Problem =
For the records below, tally every line that has the word "more" and reply with the number alone.

Source data
• • •

(* For every $k>0$ there exists $N$ such that for every integer $n\ge2$ and every prime power $q$, the number of polynomials $P\in\mathcal L_n(q)$ which have more than $N\log n$ irreducible factors in $\mathbb F_q[x]$ (counted with multiplicity) is at most $n^{-k}|\mathcal L_n(q)|$.
   Context: $\mathcal L_n(q)$ denotes the set of monic polynomials $P(x)\in\mathbb F_q[x]$ of degree $n$ with $P(0)=(-1)^n$. *)

theory Defs
  imports "HOL-Algebra.Polynomial_Divisibility" Complex_Main
begin

text \<open>Polynomials over a field R (HOL-Algebra list representation, leading coefficient first).
  L_set R n: monic polynomials of degree n with constant term (-1)^n.\<close>

definition L_set :: "('a, 'b) ring_scheme \<Rightarrow> nat \<Rightarrow> 'a list set" where
  "L_set R n = {P \<in> carrier (poly_ring R). P \<noteq> [] \<and> degree P = n \<and>
       lead_coeff P = \<one>\<^bsub>R\<^esub> \<and>
       ring.eval R P \<zero>\<^bsub>R\<^esub> = (\<ominus>\<^bsub>R\<^esub> \<one>\<^bsub>R\<^esub>) [^]\<^bsub>R\<^esub> n}"

definition num_irred_factors :: "('a, 'b) ring_scheme \<Rightarrow> 'a list \<Rightarrow> nat" where
  "num_irred_factors R P = (THE m. \<exists>fs. length fs = m \<and> set fs \<subseteq> carrier (poly_ring R) \<and>
       (\<forall>f \<in> set fs. pirreducible\<^bsub>R\<^esub> (carrier R) f) \<and>
       foldr (\<otimes>\<^bsub>poly_ring R\<^esub>) fs \<one>\<^bsub>poly_ring R\<^esub> = P)"

end

(*
  Unique factorisation identifies monic polynomials of degree n over F_q with multisets of monic
  irreducibles of total degree n, and L_n(q) with the fibre of the multiplicative constant-term
  map over (-1)^n, of size q^(n-1). Fix 1 < z < sqrt 2 and let G_j(t) be the sum of
  z^(number of factors) over the fibre of t in degree j. Counting every prime power p^a dividing M
  with weight deg p (a logarithmic derivative of the Euler product) expresses j G_j(t) through
  the G_i with i < j. Together with sum_(d|i) d pi_q(d) = q^i, and the fact that there are only
  O(q^(i/2)) proper prime powers of degree i, this gives G_j(t) <= q^(j-1) beta_j by induction,
  where beta_j grows polynomially in j. By Markov's inequality at most z^(-N ln n) q^(n-1) beta_n
  elements of L_n(q) have more than N ln n factors, and this is below n^(-k) q^(n-1) for large N.
*)

theory Submission
  imports Defs
begin

section \<open>Weighted degree of a multiset\<close>

definition mset_degree :: "('p \<Rightarrow> nat) \<Rightarrow> 'p multiset \<Rightarrow> nat" where
  "mset_degree dg M = (\<Sum>x\<in>#M. dg x)"

lemma mset_degree_add [simp]: "mset_degree dg (M + N) = mset_degree dg M + mset_degree dg N"
  and mset_degree_empty [simp]: "mset_degree dg {#} = 0"
  and mset_degree_add_mset [simp]: "mset_degree dg (add_mset p M) = dg p + mset_degree dg M"
  and mset_degree_replicate [simp]: "mset_degree dg (replicate_mset a p) = a * dg p"
  by (simp_all add: mset_degree_def)

lemma mset_degree_eq_sum_count: "mset_degree dg M = (\<Sum>x\<in>set_mset M. count M x * dg x)"
proof (induction M)
  case (add x M)
  have "(\<Sum>y\<in>set_mset (add_mset x M). count (add_mset x M) y * dg y)
      = dg x + (\<Sum>y\<in>set_mset M. count M y * dg y)"
  proof (cases "x \<in># M")
    case True
    then have "(\<Sum>y\<in>set_mset (add_mset x M). count (add_mset x M) y * dg y)
        = (\<Sum>y\<in>set_mset M. count M y * dg y + (if y = x then dg y else 0))"
      by (intro sum.cong) (auto simp: insert_absorb)
    then show ?thesis using True by (simp add: sum.distrib)
  next
    case False
    then have "(\<Sum>y\<in>set_mset M. count (add_mset x M) y * dg y)
        = (\<Sum>y\<in>set_mset M. count M y * dg y)"
      by (intro sum.cong) auto
    with False show ?thesis by (simp add: not_in_iff)
  qed
  then show ?case using add by (simp add: mset_degree_def)
qed simp

lemma size_le_mset_degree: "(\<And>p. p \<in># M \<Longrightarrow> 1 \<le> dg p) \<Longrightarrow> size M \<le> mset_degree dg M"
  unfolding mset_degree_def size_eq_sum_mset by (rule sum_mset_mono)

definition prime_power_divisors :: "'p multiset \<Rightarrow> ('p \<times> nat) set" where
  "prime_power_divisors M = Sigma (set_mset M) (\<lambda>p. {1..count M p})"
(* Let $(\psi_1;\phi_1,\phi_2)\in\mathbb{R}^3$ be coordinates on the coroot space of the semisimple Lie algebra $\mathrm{A}_1\oplus\mathrm{A}_2$ (basis of fundamental coroots), and consider the open dual fundamental Weyl chamber $$W=\{\psi_1>0,\ 2\phi_1-\phi_2>0,\ -\phi_1+2\phi_2>0\}.$$ Consider the hyperplane arrangement $\mathrm{I}(\mathrm{A}_1\oplus\mathrm{A}_2,(\mathbf{1},\mathbf{3})\oplus(\mathbf{2},\mathbf{3}))$ inside $W$, i.e. the arrangement of the hyperplanes $\{\phi:\ \varpi\cdot\phi=0\}$ for $\varpi$ ranging over the weights of $(\mathbf{1},\mathbf{3})\oplus(\mathbf{2},\mathbf{3})$. Then this arrangement has exactly eight chambers (connected components of the complement of the hyperplanes in $W$). With respect to the ordered list of linear forms $$\big(-\phi_1+\phi_2,\ -\psi_1-\phi_1+\phi_2,\ -\psi_1+\phi_1,\ \psi_1-\phi_2,\ \psi_1-\phi_1+\phi_2\big)$$ (these are the forms $\varpi\cdot\phi$ for the weights $(0;-1,1)$, $(-1;-1,1)$, $(-1;1,0)$, $(1;0,-1)$, $(1;-1,1)$), the eight chambers have the following sign vectors and explicit descriptions: - $1$: $(+,-,-,+,+)$, $0<\phi_2-\phi_1<\phi_1<\phi_2<\psi_1$; - $2$: $(+,-,-,-,+)$, $0<\phi_2-\phi_1<\phi_1<\psi_1<\phi_2$; - $3$: $(+,-,+,-,+)$, $0<\phi_2-\phi_1<\psi_1<\phi_1<\phi_2$; - $4$: $(+,+,+,-,+)$, $0<\psi_1<\phi_2-\phi_1<\phi_1<\phi_2$; - $1'$: $(-,-,-,+,+)$, $0<\phi_1-\phi_2<\phi_2<\phi_1<\psi_1$; - $2'$: $(-,-,+,+,+)$, $0<\phi_1-\phi_2<\phi_2<\psi_1<\phi_1$; - $3'$: $(-,-,+,-,+)$, $0<\phi_1-\phi_2<\psi_1<\phi_2<\phi_1$; - $4'$: $(-,-,+,-,-)$, $0<\psi_1<\phi_1-\phi_2<\phi_2<\phi_1$. The adjacency graph of the chambers (two chambers adjacent when they share a codimension-one wall) is the hexagon $1-2-3-3'-2'-1'-1$ together with the two extra edges $3-4$ and $3'-4'$.
   Context: Weights are written $(a;b,c)$ where $(a)$ is a weight of $\mathrm{A}_1$ and $(b,c)$ a weight of $\mathrm{A}_2$, both in the basis of fundamental weights; the pairing of a weight $\varpi=(a;b,c)$ with $\phi=(\psi_1;\phi_1,\phi_2)$ is $\varpi\cdot\phi=a\psi_1+b\phi_1+c\phi_2$. The weights of the fundamental $\mathbf{2}$ of $\mathrm{A}_1$ are $1,-1$; those of the fundamental $\mathbf{3}$ of $\mathrm{A}_2$ are $(1,0),(-1,1),(0,-1)$. Hence the weights of $(\mathbf{1},\mathbf{3})$ are $(0;1,0),(0;-1,1),(0;0,-1)$ and those of the bifundamental $(\mathbf{2},\mathbf{3})$ are $(\pm1;1,0),(\pm1;-1,1),(\pm1;0,-1)$. *)

theory Defs
  imports "HOL-Analysis.Analysis"
begin
(* Let $\tilde\tau\in(0,1/2)$, $\epsilon,\epsilon'\in(0,1/2)$, and $\tau'=(\tau N-2)/(N-1)$. Let $\mathcal N_r$ be an arbitrary neighborhood of radius $r=2^{[1-H(\tau')]N/2-g(N)}$, with $g(N)=o(N)$. With probability at least $2^{-[1-H(\tau')](2\epsilon'+\epsilon'^2)N-o(N)}$, the initial configuration contains at least one $\epsilon'$-radical region inside $\mathcal N_r$.
   Context: Setting: $G_n$ is the $n\times n$ torus grid, $w$ is a positive integer, and $N=(2w+1)^2$. A neighborhood of radius $\rho$ is the set of vertices within $\ell_\infty$ distance $\rho$ of a center vertex. In the initial configuration, each vertex holds an agent of type $\pm1$, independently with probability $1/2$ each. The intolerance is $\tau=\lceil\tilde\tau N\rceil/N$, and $H$ is the binary entropy function. Let $\hat\tau=\tau\big(1-\frac{1}{\tau N^{1/2-\epsilon}}\big)$. An $\epsilon'$-radical region is a neighborhood of radius $(1+\epsilon')w$ containing fewer than $\hat\tau(1+\epsilon')^2N$ agents of type $-1$. A term $o(N)$ denotes some function $h(N)$ with $h(N)/N\to0$. *)

theory Defs
  imports "HOL-Probability.Probability" "HOL-Library.Landau_Symbols"
begin

definition bin_entropy :: "real \<Rightarrow> real" where
  "bin_entropy x = - x * log 2 x - (1 - x) * log 2 (1 - x)"

definition torus_vertices :: "nat \<Rightarrow> (int \<times> int) set" where
  "torus_vertices n = {0..<int n} \<times> {0..<int n}"

definition cyc_dist :: "nat \<Rightarrow> int \<Rightarrow> int \<Rightarrow> int" where
  "cyc_dist n a b = min ((a - b) mod int n) ((b - a) mod int n)"

definition torus_dist :: "nat \<Rightarrow> int \<times> int \<Rightarrow> int \<times> int \<Rightarrow> int" where
  "torus_dist n u v = max (cyc_dist n (fst u) (fst v)) (cyc_dist n (snd u) (snd v))"

definition nbhd :: "nat \<Rightarrow> int \<times> int \<Rightarrow> real \<Rightarrow> (int \<times> int) set" where
  "nbhd n c \<rho> = {v \<in> torus_vertices n. real_of_int (torus_dist n c v) \<le> \<rho>}"

text \<open>Configurations: each vertex carries type +1 or -1; uniform distribution
  = independent fair types.\<close>
definition configs :: "nat \<Rightarrow> ((int \<times> int) \<Rightarrow> int) set" where
  "configs n = PiE (torus_vertices n) (\<lambda>_. {-1, 1})"

definition config_prob :: "nat \<Rightarrow> (((int \<times> int) \<Rightarrow> int) \<Rightarrow> bool) \<Rightarrow> real" where
  "config_prob n P = measure_pmf.prob (pmf_of_set (configs n)) {\<sigma>. P \<sigma>}"

definition Nw :: "nat \<Rightarrow> nat" where "Nw w = (2 * w + 1)^2"

definition tau :: "real \<Rightarrow> nat \<Rightarrow> real" where
  "tau tt w = real_of_int \<lceil>tt * real (Nw w)\<rceil> / real (Nw w)"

• • •

Final answer =
2